Ильин с невольным уважением взглянул на спорщиков. Не-ет, напрасно он их пикейным жилетам уподобил. Они не из праздного интереса судачат, любая сумятица на Руси по их жизни тяжелым катком прокатится. Оттого и горячатся, наскакивают друг на друга. Да по правде сказать, и в проницательности им не откажешь.

Даже для него — несмотря на его хорошее знакомство с историей этого периода — было немало непонятного в побудительных мотивах тех или иных поступков князей. А эти люди, стоявшие на самом низу социальной лестницы, вполне точно представляли себе внутренний мир тех, кто должен был видеться им едва ли не полубогами.

— Борис с Дикого Поля вернется, сила у него великая… — размышлял востроносый. — Как бы не слететь Святополку…

— Я вот что, братцы, смекаю, — прервал его богатырь в рубище. — Пока Борис с печенегом бьется, Ярослав может с дружиной заявиться — он ведь наверняка прознал, что Святополк в Киеве без войска сидит.

— Тут правда твоя, — вздохнул чернявый. — Коли он поспешит, так и отцовский стол из-под брата вышибет. Рать-то у него немалая, говорят. Собирался он с Владимиром биться, на тот случай и варяг к себе зазвал.

Ильин решил сходить в город, потолкаться на рыночной площади. Авось и там узнает что-нибудь интересное, а между делом и закупит кое-какую снедь да свезет ее на наемной подводе к ладье.

«Надо уносить отсюда ноги поскорее», — думал он, шагая по торной дороге к возносившимся над дубравой холмам, увенчанным частоколом. Смоленск, стоявший на скрещении важнейших водных путей — с Западной Двины, с Ловати, с Волги, с Оки — неизбежно должен был оказаться на дороге у любого из князей, сидевших в отдаленных городах, и теперь, во время смуты, могущих попытаться силой взять Киевский стол.
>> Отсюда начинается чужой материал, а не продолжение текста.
(* Let $\mu$ be a $(C,\gamma)$-absolutely decaying measure on $\mathbb{R}$, let $K=\operatorname{supp}\mu$, and let $0<\alpha\le\frac14\left(\frac{1}{3C}\right)^{1/\gamma}$. Then for every bi-Lipschitz map $\varphi:\mathbb{R}\to\mathbb{R}$, every integer $b\ge2$ and every $c,y\in\mathbb{T}$, the set $\varphi\big(\pi^{-1}(E(f_{b,c},y))\big)$ is $\alpha$-winning on $K$.
   Context: $\mathbb{T}=\mathbb{R}/\mathbb{Z}$, $\pi:\mathbb{R}\to\mathbb{T}$ the projection. For $b\in\mathbb{Z}_{\ge2}$ and $c\in\mathbb{T}$, $f_{b,c}:\mathbb{T}\to\mathbb{T}$ is $x\mapsto bx+c$. For $f:\mathbb{T}\to\mathbb{T}$ and $y\in\mathbb{T}$, $E(f,y)=\{x\in\mathbb{T}: y\notin\overline{\{f^n(x):n\in\mathbb{N}\}}\}$. $B(x,\rho)$ denotes the closed ball. A locally finite Borel measure $\mu$ on $\mathbb{R}$ is $(C,\gamma)$-absolutely decaying if there is $\rho_0>0$ such that for all $0<\rho\le\rho_0$, $x\in\operatorname{supp}\mu$, $y\in\mathbb{R}$, $\varepsilon>0$: $\mu(B(x,\rho)\cap B(y,\varepsilon\rho))<C\varepsilon^\gamma\mu(B(x,\rho))$. A map $\varphi$ is bi-Lipschitz if there is $L\ge1$ with $L^{-1}\le|\varphi(x)-\varphi(y)|/|x-y|\le L$ for all $x\ne y$. Schmidt's game on a complete metric space $(X,d)$ with parameters $0<\alpha,\beta<1$ and target $S\subset X$: on $X\times\mathbb{R}_+$ write $(x_2,\rho_2)\le_s(x_1,\rho_1)$ if $\rho_2+d(x_1,x_2)\le\rho_1$. Bob picks $\omega_1=(x_1,\rho_1)$; then Alice and Bob alternately pick $\omega_k'=(x_k',\rho_k')\le_s\omega_k$ with $\rho_k'=\alpha\rho_k$ and $\omega_{k+1}\le_s\omega_k'$ with $\rho_{k+1}=\beta\rho_k'$. The nested closed balls intersect in a point $x_\infty$; Alice wins if $x_\infty\in S$. $S$ is $\alpha$-winning if for every $\beta\in(0,1)$ Alice has a strategy winning against all plays of Bob. For closed $K\subset\mathbb{R}$, $S\subset\mathbb{R}$ is $\alpha$-winning on $K$ if $S\cap K$ is $\alpha$-winning for the game played on $K$ with the induced metric. *)

theory Defs
  imports "HOL-Analysis.Analysis"
begin

text \<open>The circle T = R/Z is modelled by the unit circle in the complex plane,
  via the topological group isomorphism x + Z |-> exp(2 pi i x).
  Under it, pi x = cis (2 pi x) and f_{b,c}(z) = c * z^b.\<close>

definition torus :: "complex set" where
  "torus = sphere 0 1"

definition proj_T :: "real \<Rightarrow> complex" where
  "proj_T x = cis (2 * pi * x)"

definition f_bc :: "nat \<Rightarrow> complex \<Rightarrow> complex \<Rightarrow> complex" where
  "f_bc b c z = c * z ^ b"

definition E_set :: "(complex \<Rightarrow> complex) \<Rightarrow> complex \<Rightarrow> complex set" where
  "E_set f y = {x \<in> torus. y \<notin> closure {(f ^^ n) x | n. True}}"

definition support :: "real measure \<Rightarrow> real set" where
  "support \<mu> = {x. \<forall>r>0. emeasure \<mu> (ball x r) > 0}"

definition locally_finite_borel :: "real measure \<Rightarrow> bool" where
  "locally_finite_borel \<mu> \<longleftrightarrow> sets \<mu> = sets borel \<and>
     (\<forall>x. \<exists>r>0. emeasure \<mu> (ball x r) < \<infinity>)"
(* Let $\mathbf{X}$ be a set of discrete random variables with sample space $\Omega(\mathbf{X})$, let $O$ be a positive unital circuit over $\mathbf{X}$ and let $\rho$ be a density matrix of the same size as $O(\mathbf{x})$. Then $p_{\mathbf{X}}(\mathbf{x})=\operatorname{Tr}[O(\mathbf{x})\rho]$ is a probability distribution on $\Omega(\mathbf{X})$, i.e. $p_{\mathbf{X}}(\mathbf{x})\ge 0$ for all $\mathbf{x}\in\Omega(\mathbf{X})$ and $\sum_{\mathbf{x}\in\Omega(\mathbf{X})}p_{\mathbf{X}}(\mathbf{x})=1$.
   Context: A density matrix is a PSD complex matrix of trace one. A POVM is a finite family of PSD matrices summing to the identity. A quantum operation from $d\times d$ to $d'\times d'$ matrices is $\Phi(A)=\sum_j K_jAK_j^*$ with $d'\times d$ matrices $K_j$, $\sum_jK_j^*K_j\le\mathbb{1}$ (Loewner order); it is unital if $\Phi(\mathbb{1}_d)=\mathbb{1}_{d'}$. A partition circuit over $\mathbf{X}=\{X_0,\dots,X_{N-1}\}$ is a rooted binary tree whose leaves are in bijection with the variables (leaf $k$ carries $X_k$ with finite sample space $\Omega(X_k)$), each internal unit $k$ having two children $k_l,k_r$; $\mathbf{x}_k$ denotes an assignment to the variables at the leaves below $k$. A positive unital circuit assigns to each leaf $k$ a POVM $\{E_{x_k}\}_{x_k\in\Omega(X_k)}$ and to each internal unit $k$ a unital quantum operation $\Phi_k$, and computes $O_k(\mathbf{x}_k)=E_{x_k}$ at leaves and $O_k(\mathbf{x}_k)=\Phi_k(O_{k_l}(\mathbf{x}_{k_l})\otimes O_{k_r}(\mathbf{x}_{k_r}))$ at internal units ($\otimes$ the Kronecker product); $O(\mathbf{x})=O_{\mathrm{root}}(\mathbf{x})$. *)

theory Defs
  imports "Jordan_Normal_Form.Matrix" "HOL-Library.Complex_Order" "HOL-Library.FuncSet"
begin

definition adj :: "complex mat \<Rightarrow> complex mat" where
  "adj A = mat (dim_col A) (dim_row A) (\<lambda>(i,j). cnj (A $$ (j,i)))"

definition psd :: "nat \<Rightarrow> complex mat \<Rightarrow> bool" where
  "psd n A \<longleftrightarrow> A \<in> carrier_mat n n \<and> (\<forall>v \<in> carrier_vec n. 0 \<le> cscalar_prod (A *\<^sub>v v) v)"

definition loewner_le :: "nat \<Rightarrow> complex mat \<Rightarrow> complex mat \<Rightarrow> bool" where
  "loewner_le n A B \<longleftrightarrow> A \<in> carrier_mat n n \<and> B \<in> carrier_mat n n \<and> psd n (B - A)"
lemma Jset_witness_beyond:
  assumes "Jset A" "Pf F"
  obtains k a t where "1 \<le> k" "Jk k t" "N < t 1" "\<forall>f\<in>F. xw k a t f \<in> A"
proof -
  let ?F = "(\<lambda>f n. f (n + Suc N)) ` F"
  have "Pf ?F" using assms(2) unfolding Pf_def by auto
  then obtain k a t where k: "1 \<le> k" "Jk k t" "\<forall>f\<in>?F. xw k a t f \<in> A"
    using assms(1) unfolding Jset_def by blast
  have "\<forall>f\<in>F. xw k a (\<lambda>i. t i + Suc N) f \<in> A"
  proof
    fix f assume "f \<in> F"
    then have "xw k a t (\<lambda>n. f (n + Suc N)) \<in> A" using k(3) by blast
    then show "xw k a (\<lambda>i. t i + Suc N) f \<in> A" by (simp only: xw_shift)
  qed
  moreover have "Jk k (\<lambda>i. t i + Suc N)"
    using k(2) unfolding Jk_def by auto
  ultimately show ?thesis
    using that k(1) by simp
qed

lemma ordprod_chain_mem:
  fixes g :: "nat \<Rightarrow> 'a::semigroup_mult"
  assumes "g 1 \<in> A" "C 1 \<subseteq> {y. g 1 * y \<in> A}"
    and "\<And>i. 1 \<le> i \<Longrightarrow> i < Suc n \<Longrightarrow> g (Suc i) \<in> C i \<and> C (Suc i) \<subseteq> {y. g (Suc i) * y \<in> C i}"
  shows "ordprod g (Suc n) \<in> A \<and> C (Suc n) \<subseteq> {y. ordprod g (Suc n) * y \<in> A}"
  using assms(3)
proof (induction n)
  case 0
  then show ?case using assms(1,2) by simp
next
  case (Suc n)
  then have IH: "ordprod g (Suc n) \<in> A" "C (Suc n) \<subseteq> {y. ordprod g (Suc n) * y \<in> A}"
    by simp_all
  have "g (Suc (Suc n)) \<in> C (Suc n)" "C (Suc (Suc n)) \<subseteq> {y. g (Suc (Suc n)) * y \<in> C (Suc n)}"
    using Suc.prems[of "Suc n"] by simp_all
  with IH show ?case by (auto simp: mult.assoc)
qed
В житии Бориса и Глеба, помнилось Ильину, говорилось, что муромский правитель Глеб был умерщвлен здесь, на Смядыни наемными убийцами, подосланными Святополком. К сожалению, Ивашка не сказал ему, когда именно совершилось злодеяние, а дату его вполне можно было выяснить, если бы Ильин догадался спросить о днях памяти Глеба по церковному календарю.

Уносить ноги из Смоленска надо, это вне всякого сомнения. Но куда плыть? Киев сейчас не самое спокойное место, да и на берегах Днепра небезопасно. Лучше всего отсидеться где-нибудь ниже стольного города, пока не определится расстановка сил, пока по торной водной дороге Руси туда-сюда снуют воинские ватаги. И, по мере возможности, продолжать поиски пришельцев…

Относительно гостей из будущего энтузиазм Виктора сильно выдохся, не говоря уже об Овцыне, который с самого начала смотрел на затею с розыском «земляков» с изрядным скепсисом. Анна, похоже, совсем забыла, что собиралась возвращаться к своему обожаемому папа. Но едва мысли Ильина обратились к неотвязно преследовавшей его в последнее время теме — взаимоотношениям с княжной, — как он позабыл о своих выкладках.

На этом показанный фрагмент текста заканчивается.